Count Your Blessings (1959)

Cast
Rossano Brazzi
Maurice Chevalier
Steven Geray
Lumsden Hare
Martin Helmore
Deborah Kerr
Patricia Medina
Kim Parker
Ronald Squire
Martin Stephens
Mona Washbourne

Director
Jean Negulesco

Story
Nancy Mitford (novel)
Karl Tunberg

Director of Photography
George J. Folsey
Milton R. Krasner

Composer
Franz Waxman

Costumes
Helen Rose

Editor
Harold F. Kress

Production
Karl Tunberg in association with Metro-Goldwyn Mayer (MGM)

Background
"On paper, Nancy Mitford's The Blessing must have seemed an ideal subject. The title was changed to Count Your Blessings, lest people associate it with Kerr's nun image, and, as the movie was to be shot in Paris, who better to co-star than Maurice Chevalier, along with Italy's current heart-throb, Rossano Brazzi? Not French? Well - at least Continental, and director Jean Negulesco could be counted on to disguise the difference.

With beautiful Metrocolor - sometimes a most unflattering process - photography by experts like Milton Krasner and George Folsey, and the wit of Nancy Mitford, how could it miss? But it did. As Deborah said: "A charming, funny, amusing book - somewhat castrated, because some of the funniest stuff, her beautifully observed sketches of American people in Paris, in government circles, was omitted from the script, because they didn't want to offend the Americans - became just a charming travelogue.
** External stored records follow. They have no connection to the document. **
(* Let $\varphi_4\neq0$ and let $\Phi(\theta)=\dfrac{\varphi_3^2+2\varphi_4(r(\theta)\sin\theta-\varphi_2)}{r^4(\theta)}$. Suppose $\Theta_1<\Theta_2$ are such that $\Phi>0$ on $(\Theta_1,\Theta_2)$ and $\Phi(\Theta_1)=\Phi(\Theta_2)=0$, and let $\theta(t)$, $t\in\mathbb R$, be the angle function of a normal extremal ($M=1$) starting at the identity. Then, with $u_1(\theta)=\frac{r'(\theta)\sin\theta+r(\theta)\cos\theta}{r^2(\theta)}$, one has $\varphi_4u_1(\theta)>0$ for $\theta\in(\Theta_1,\Theta_2)$ sufficiently close to $\Theta_1$, and $\varphi_4u_1(\theta)<0$ for $\theta\in(\Theta_1,\Theta_2)$ sufficiently close to $\Theta_2$. Consequently, if $\theta(t_0)=\Theta_1$ (resp. $\theta(t_0)=\Theta_2$) and $\theta(t)\neq\Theta_1$ (resp. $\theta(t)\ne\Theta_2$) for all $t<t_0$, or for all $t>t_0$, sufficiently close to $t_0$, then $\dot\theta(t)(t-t_0)>0$ (resp. $\dot\theta(t)(t-t_0)<0$) for these $t$.
   Context: Let $\mathfrak g$ be the Engel algebra with basis $X,Y,Z,V$, $[X,Y]=Z$, $[X,Z]=V$, all other brackets of basis elements zero; $G$ the corresponding connected simply connected Lie group, with coordinates of the first kind $(x,y,z,v)$ (identity $=0$). Let $F$ be an arbitrary norm on $\mathbb R^2$, $U=\{u:F(u)\le1\}$, $(u_1,u_2)\leftrightarrow u_1X(e)+u_2Y(e)$. The control system is $\dot x=u_1,\ \dot y=u_2,\ \dot z=\tfrac12(xu_2-yu_1),\ \dot v=-\tfrac12(z+\tfrac16xy)u_1+\tfrac1{12}x^2u_2$, measurable $u(t)\in U$, $x(0)=y(0)=z(0)=v(0)=0$. An extremal is a trajectory with control $u(t)$ for which there is a nowhere vanishing absolutely continuous $\psi=(\psi_1,\dots,\psi_4)$ with a.e. $\dot\psi_1=\tfrac1{12}\psi_4yu_1-(\tfrac12\psi_3+\tfrac16\psi_4x)u_2$, $\dot\psi_2=(\tfrac12\psi_3+\tfrac1{12}\psi_4x)u_1$, $\dot\psi_3=\tfrac12\psi_4u_1$, $\dot\psi_4=0$ and $h_1u_1(t)+h_2u_2(t)=\max_{u\in U}(h_1u_1+h_2u_2)=M$ a.e., with $h_1=\psi_1-\tfrac12\psi_3y-\tfrac1{12}\psi_4xy-\tfrac12\psi_4z$, $h_2=\psi_2+\tfrac12\psi_3x+\tfrac1{12}\psi_4x^2$, $M\ge0$ constant; normal means $M>0$, normalized to $M=1$. $\varphi_i=\psi_i(0)$. $F_U(h)=\max_{u\in U}h\cdot u$, $U^*=\{h:F_U(h)\le1\}$; $r(\theta)>0$ with $F_U(r(\theta)\cos\theta,r(\theta)\sin\theta)=1$ is the polar equation of $\partial U^*$; $r'(\theta)$ denotes any number between the one-sided derivatives of $r$ at $\theta$. For $M=1$, $\theta(t)$ is a continuous function with $(h_1(t),h_2(t))=r(\theta(t))(\cos\theta(t),\sin\theta(t))$; it satisfies $\varphi_3+\varphi_4x(t)=r^2(\theta(t))\dot\theta(t)$ and $\dot\theta^2=\Phi(\theta)$. *)

theory Defs
  imports "HOL-Analysis.Analysis"
begin

text \<open>Vectors of R^2 are pairs (u1,u2); u = u1 X(e) + u2 Y(e).\<close>

definition is_norm2 :: "(real \<times> real \<Rightarrow> real) \<Rightarrow> bool" where
  "is_norm2 F \<longleftrightarrow> (\<forall>w. F w = 0 \<longleftrightarrow> w = 0) \<and>
     (\<forall>c w. F (c *\<^sub>R w) = \<bar>c\<bar> * F w) \<and>
     (\<forall>v w. F (v + w) \<le> F v + F w)"

definition Uset :: "(real \<times> real \<Rightarrow> real) \<Rightarrow> (real \<times> real) set" where
  "Uset F = {u. F u \<le> 1}"

definition FU :: "(real \<times> real \<Rightarrow> real) \<Rightarrow> real \<times> real \<Rightarrow> real" where
  "FU F h = Sup ((\<lambda>u. fst h * fst u + snd h * snd u) ` Uset F)"

text \<open>Polar equation r(theta) of the boundary of U*.\<close>
definition rr :: "(real \<times> real \<Rightarrow> real) \<Rightarrow> real \<Rightarrow> real" where
  "rr F \<theta> = (THE r. r > 0 \<and> FU F (r * cos \<theta>, r * sin \<theta>) = 1)"

text \<open>d is an admissible value of r'(theta): a number between the one-sided derivatives.\<close>
definition is_rprime :: "(real \<times> real \<Rightarrow> real) \<Rightarrow> real \<Rightarrow> real \<Rightarrow> bool" where
  "is_rprime F \<theta> d \<longleftrightarrow> (\<exists>dl dr. (rr F has_real_derivative dl) (at_left \<theta>) \<and>
      (rr F has_real_derivative dr) (at_right \<theta>) \<and> min dl dr \<le> d \<and> d \<le> max dl dr)"

definition u1fun :: "(real \<times> real \<Rightarrow> real) \<Rightarrow> real \<Rightarrow> real \<Rightarrow> real" where
  "u1fun F \<theta> d = (d * sin \<theta> + rr F \<theta> * cos \<theta>) / (rr F \<theta>)\<^sup>2"

definition Phi :: "(real \<times> real \<Rightarrow> real) \<Rightarrow> real \<Rightarrow> real \<Rightarrow> real \<Rightarrow> real \<Rightarrow> real" where
  "Phi F \<phi>2 \<phi>3 \<phi>4 \<theta> = (\<phi>3\<^sup>2 + 2 * \<phi>4 * (rr F \<theta> * sin \<theta> - \<phi>2)) / (rr F \<theta>) ^ 4"

definition ham1 :: "real \<Rightarrow> real \<Rightarrow> real \<Rightarrow> real \<Rightarrow> real \<Rightarrow> real \<Rightarrow> real" where
  "ham1 p1 p3 p4 x y z = p1 - p3 * y / 2 - p4 * x * y / 12 - p4 * z / 2"

definition ham2 :: "real \<Rightarrow> real \<Rightarrow> real \<Rightarrow> real \<Rightarrow> real" where
  "ham2 p2 p3 p4 x = p2 + p3 * x / 2 + p4 * x\<^sup>2 / 12"

text \<open>Solution of an ODE in the absolutely continuous (Caratheodory) sense:
  f(b) - f(a) is the integral of the right-hand side over [a,b].\<close>
definition ac_sol :: "(real \<Rightarrow> real) \<Rightarrow> (real \<Rightarrow> real) \<Rightarrow> bool" where
  "ac_sol f g \<longleftrightarrow> (\<forall>a b. a \<le> b \<longrightarrow> (g has_integral (f b - f a)) {a..b})"

text \<open>Normal extremal (M = 1) defined for all t in R, starting at the identity.\<close>
definition normal_extremal ::
  "(real \<times> real \<Rightarrow> real) \<Rightarrow> (real \<Rightarrow> real \<times> real) \<Rightarrow>
   (real \<Rightarrow> real) \<Rightarrow> (real \<Rightarrow> real) \<Rightarrow> (real \<Rightarrow> real) \<Rightarrow> (real \<Rightarrow> real) \<Rightarrow>
   (real \<Rightarrow> real) \<Rightarrow> (real \<Rightarrow> real) \<Rightarrow> (real \<Rightarrow> real) \<Rightarrow> (real \<Rightarrow> real) \<Rightarrow> bool" where
  "normal_extremal F u x y z v p1 p2 p3 p4 \<longleftrightarrow>
     u \<in> borel_measurable lborel \<and> (\<forall>t. u t \<in> Uset F) \<and>
     x 0 = 0 \<and> y 0 = 0 \<and> z 0 = 0 \<and> v 0 = 0 \<and>
     ac_sol x (\<lambda>t. fst (u t)) \<and>
     ac_sol y (\<lambda>t. snd (u t)) \<and>
     ac_sol z (\<lambda>t. (x t * snd (u t) - y t * fst (u t)) / 2) \<and>
     ac_sol v (\<lambda>t. - (z t + x t * y t / 6) * fst (u t) / 2 + (x t)\<^sup>2 * snd (u t) / 12) \<and>
     (\<forall>t. (p1 t, p2 t, p3 t, p4 t) \<noteq> (0, 0, 0, 0)) \<and>
     ac_sol p1 (\<lambda>t. p4 t * y t * fst (u t) / 12 - (p3 t / 2 + p4 t * x t / 6) * snd (u t)) \<and>
     ac_sol p2 (\<lambda>t. (p3 t / 2 + p4 t * x t / 12) * fst (u t)) \<and>
     ac_sol p3 (\<lambda>t. p4 t * fst (u t) / 2) \<and>
     ac_sol p4 (\<lambda>t. 0) \<and>
     (AE t in lborel.
        ham1 (p1 t) (p3 t) (p4 t) (x t) (y t) (z t) * fst (u t)
          + ham2 (p2 t) (p3 t) (p4 t) (x t) * snd (u t)
        = FU F (ham1 (p1 t) (p3 t) (p4 t) (x t) (y t) (z t), ham2 (p2 t) (p3 t) (p4 t) (x t))
      \<and> FU F (ham1 (p1 t) (p3 t) (p4 t) (x t) (y t) (z t), ham2 (p2 t) (p3 t) (p4 t) (x t)) = 1)"

definition angle_fun :: "(real \<times> real \<Rightarrow> real) \<Rightarrow> (real \<Rightarrow> real) \<Rightarrow> (real \<Rightarrow> real) \<Rightarrow> (real \<Rightarrow> real) \<Rightarrow> bool" where
  "angle_fun F h1 h2 \<theta> \<longleftrightarrow> continuous_on UNIV \<theta> \<and>
     (\<forall>t. h1 t = rr F (\<theta> t) * cos (\<theta> t) \<and> h2 t = rr F (\<theta> t) * sin (\<theta> t))"

end

theory Submission
  imports Defs "HOL-Library.Landau_Symbols"
begin

text \<open>Write \<rho>(\<theta>) = F_U(cos \<theta>, sin \<theta>) = 1/r(\<theta>) and g(\<theta>) = r(\<theta>) sin \<theta>. As the numerator
  \<phi>3^2 + 2 \<phi>4 (g(\<theta>) - \<phi>2) of \<Phi> vanishes at \<Theta>1, \<Theta>2 and is positive in between,
  \<phi>4 g(\<theta>) exceeds its values at the endpoints on (\<Theta>1, \<Theta>2). Sublinearity of F_U makes \<rho> lie
  above its one-sided tangent lines along the circle, uniformly in s; comparing g at s with g at
  a nearby point of larger \<phi>4 g then shows that \<phi>4 u1(s) points towards the interior.

  Along the extremal, dh1 = -w dy, dh2 = w dx with w = \<phi>3 + \<phi>4 x, and h1 dx + h2 dy = dt. These
  identities hold only in integrated form, since x and y are merely Lipschitz; they are handled
  as first-order expansions in the increments of x and y. They give r(\<theta>)^2 \<theta>' = w and
  w^2 = \<phi>3^2 + 2 \<phi>4 (h2 - \<phi>2), hence \<theta>'^2 = \<Phi>(\<theta>) with \<theta>' continuous. So \<theta>' does not vanish
  while \<theta> is strictly between \<Theta>1 and \<Theta>2, and by the mean value theorem its sign as \<theta> leaves
  an endpoint is the direction of motion.\<close>

section \<open>Norms on the plane and their dual norm\<close>

lemma norm2_scaleR: "is_norm2 F \<Longrightarrow> F (c *\<^sub>R w) = \<bar>c\<bar> * F w"
  unfolding is_norm2_def by blast

lemma norm2_zero: "is_norm2 F \<Longrightarrow> F 0 = 0"
  using norm2_scaleR[of F 0 0] by simp

lemma norm2_triangle: "is_norm2 F \<Longrightarrow> F (v + w) \<le> F v + F w"
  unfolding is_norm2_def by blast

lemma norm2_minus: "is_norm2 F \<Longrightarrow> F (- w) = F w"
  using norm2_scaleR[of F "-1" w] by simp

lemma norm2_nonneg:
  assumes "is_norm2 F" shows "0 \<le> F w"
  using norm2_triangle[OF assms, of w "-w"] norm2_zero[OF assms] norm2_minus[OF assms] by simp

lemma norm2_le_coordinate_sum:
  assumes "is_norm2 F" shows "F w \<le> (F (1,0) + F (0,1)) * norm w"
proof -
  obtain a b where "w = (a, b)" by fastforce
  then have w: "w = a *\<^sub>R (1,0) + b *\<^sub>R (0,1)" by simp
  then have "F w \<le> \<bar>a\<bar> * F (1,0) + \<bar>b\<bar> * F (0,1)"
    using norm2_triangle[OF assms] norm2_scaleR[OF assms] by metis
  also have "\<dots> \<le> norm w * F (1,0) + norm w * F (0,1)"
    using norm2_nonneg[OF assms] w
    by (intro add_mono mult_right_mono) (auto simp: norm_Pair)
  finally show ?thesis by (simp add: algebra_simps)
qed

lemma norm2_continuous:
  assumes "is_norm2 F" shows "continuous_on UNIV F"
proof (rule lipschitz_on_continuous_on)
  let ?C = "F (1,0) + F (0,1)"
  have one_side: "F v \<le> F w + ?C * dist v w" for v w
    using norm2_triangle[OF assms, of w "v - w"] norm2_le_coordinate_sum[OF assms, of "v - w"]
    by (simp add: dist_norm)
  have "dist (F v) (F w) \<le> ?C * dist v w" for v w
    using one_side[of v w] one_side[of w v] by (simp add: dist_real_def dist_commute abs_le_iff)
  then show "?C-lipschitz_on UNIV F"
    using norm2_nonneg[OF assms] by (intro lipschitz_onI) auto
qed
I had a lovely location in Paris and beautiful clothes, and Chevalier took me to visit his home, where everything, even the ashtrays, were in the shape of a straw hat - the ultimate example of an artist being true to his image for ever and ever.

Rossano Brazzi is a dear man who exudes charm, though he was too Italian really to suggest a French aristocrat."

Writer John Douglas Eames summed it up: 'Maurice Chevalier and Deborah Kerr were sparkling players in need of something sparkling to play.' Producer Karl Tunberg was responsible for the screenplay, which dealt with the whirlwind wartime romance of Grace Allingham (Kerr) and Captain Charles-Edouard de Valhubert (Brazzi), and how it takes her nine years to discover his essential promiscuity, on their delayed honeymoon, by which time they have a seven-year-old son, Sigismund (Martin Stephens). Chevalier, as their worldly friend, the Duc de St Cloud, was one of the film's positive assets, along with the character of Grace, so deftly sketched by the star, whose cool detachment, with its underlying sense of real affection, was just right. She had fine support from Ronald Squire as her father, Sir Edward, and Patricia Medina, exquisite to look at, as an old flame of Edouard's, who needs minimal fanning to make her bum brightly again in his life, plus the inestimable Mona Washbourne as a nanny. This wound up Deborah's three-picture deal with MGM."

Deborah Kerr, by Eric Braun, © St. Martin's Press, New York, 1978.

Synopsis/Review
Unavailable at this time.

Notes
Jean Negulesco worked with Rossano on Three Coins in The Fountain and A Certain Smile.
Milton R. Krasner also worked on Three Coins in The Fountain.